(* Let $s\in(0,1)$, $0<\iota<\min\{s,1/3\}$, let $\omega$ satisfy condition (M) with parameter $\iota$, and let $C>0$. Then there exist $t_0>0$ and a function $\zeta:[0,\infty)\to[0,\infty)$ with $\zeta\in C([0,\infty))\cap C^2((0,\infty))\cap C^3((0,2))$ satisfying (Z0), (Z1), (Z2), (Z3), (Z4) and $$C\big(t^s+\omega(t)\big)\le t\zeta'(t)\quad\text{for all }0<t<t_0.$$
   Context: Condition (M) with parameter $\iota$: $\omega:[0,\infty)\to[0,\infty)$ is continuous, increasing and concave, $C^2$ on $(0,\infty)$, $\omega(0)=0$, $\int_0^1\omega(t)/t\,dt<\infty$, and there is $t_0>0$ with $\omega(t)/t^\iota$ decreasing on $(0,t_0)$ and $t^2\omega''(t)\ge-\omega(t)-3t\omega'(t)$ on $(0,t_0)$. (Z0): $\zeta$ positive on $(0,\infty)$, increasing, concave, $\zeta(0)=0$. (Z1): there are $c_1>0$, $t_0\in(0,1)$ with $t^2\zeta'''(t)\ge-c_1\zeta'(t)$ for $0<t<t_0$. (Z2): $t\mapsto t\zeta'(t)$ nondecreasing on $(0,\infty)$. (Z3): there are $\iota>0$, $t_0>0$ such that $\zeta(t)/t^\iota$ is decreasing on $(0,t_0]$. (Z4): there is $c_2>0$ with $\zeta(t)\le c_2(1+t)^{s/2}$ for $t\ge0$. *)

theory Defs
  imports "HOL-Analysis.Analysis"
begin

definition Ck_on :: "nat \<Rightarrow> (real \<Rightarrow> real) \<Rightarrow> real set \<Rightarrow> bool" where
  "Ck_on k f S \<longleftrightarrow>
     (\<forall>j<k. \<forall>x\<in>S. ((deriv ^^ j) f has_real_derivative (deriv ^^ Suc j) f x) (at x))
     \<and> continuous_on S ((deriv ^^ k) f)"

- - - - - - -

◆ THE TASK
Could the data above be set down exactly, in full?

◆ OUTPUT FOR THIS EXERCISE
(* Let $s\in(0,1)$, $0<\iota<\min\{s,1/3\}$, let $\omega$ satisfy condition (M) with parameter $\iota$, and let $C>0$. Then there exist $t_0>0$ and a function $\zeta:[0,\infty)\to[0,\infty)$ with $\zeta\in C([0,\infty))\cap C^2((0,\infty))\cap C^3((0,2))$ satisfying (Z0), (Z1), (Z2), (Z3), (Z4) and $$C\big(t^s+\omega(t)\big)\le t\zeta'(t)\quad\text{for all }0<t<t_0.$$
   Context: Condition (M) with parameter $\iota$: $\omega:[0,\infty)\to[0,\infty)$ is continuous, increasing and concave, $C^2$ on $(0,\infty)$, $\omega(0)=0$, $\int_0^1\omega(t)/t\,dt<\infty$, and there is $t_0>0$ with $\omega(t)/t^\iota$ decreasing on $(0,t_0)$ and $t^2\omega''(t)\ge-\omega(t)-3t\omega'(t)$ on $(0,t_0)$. (Z0): $\zeta$ positive on $(0,\infty)$, increasing, concave, $\zeta(0)=0$. (Z1): there are $c_1>0$, $t_0\in(0,1)$ with $t^2\zeta'''(t)\ge-c_1\zeta'(t)$ for $0<t<t_0$. (Z2): $t\mapsto t\zeta'(t)$ nondecreasing on $(0,\infty)$. (Z3): there are $\iota>0$, $t_0>0$ such that $\zeta(t)/t^\iota$ is decreasing on $(0,t_0]$. (Z4): there is $c_2>0$ with $\zeta(t)\le c_2(1+t)^{s/2}$ for $t\ge0$. *)

theory Defs
  imports "HOL-Analysis.Analysis"
begin

definition Ck_on :: "nat \<Rightarrow> (real \<Rightarrow> real) \<Rightarrow> real set \<Rightarrow> bool" where
  "Ck_on k f S \<longleftrightarrow>
     (\<forall>j<k. \<forall>x\<in>S. ((deriv ^^ j) f has_real_derivative (deriv ^^ Suc j) f x) (at x))
     \<and> continuous_on S ((deriv ^^ k) f)"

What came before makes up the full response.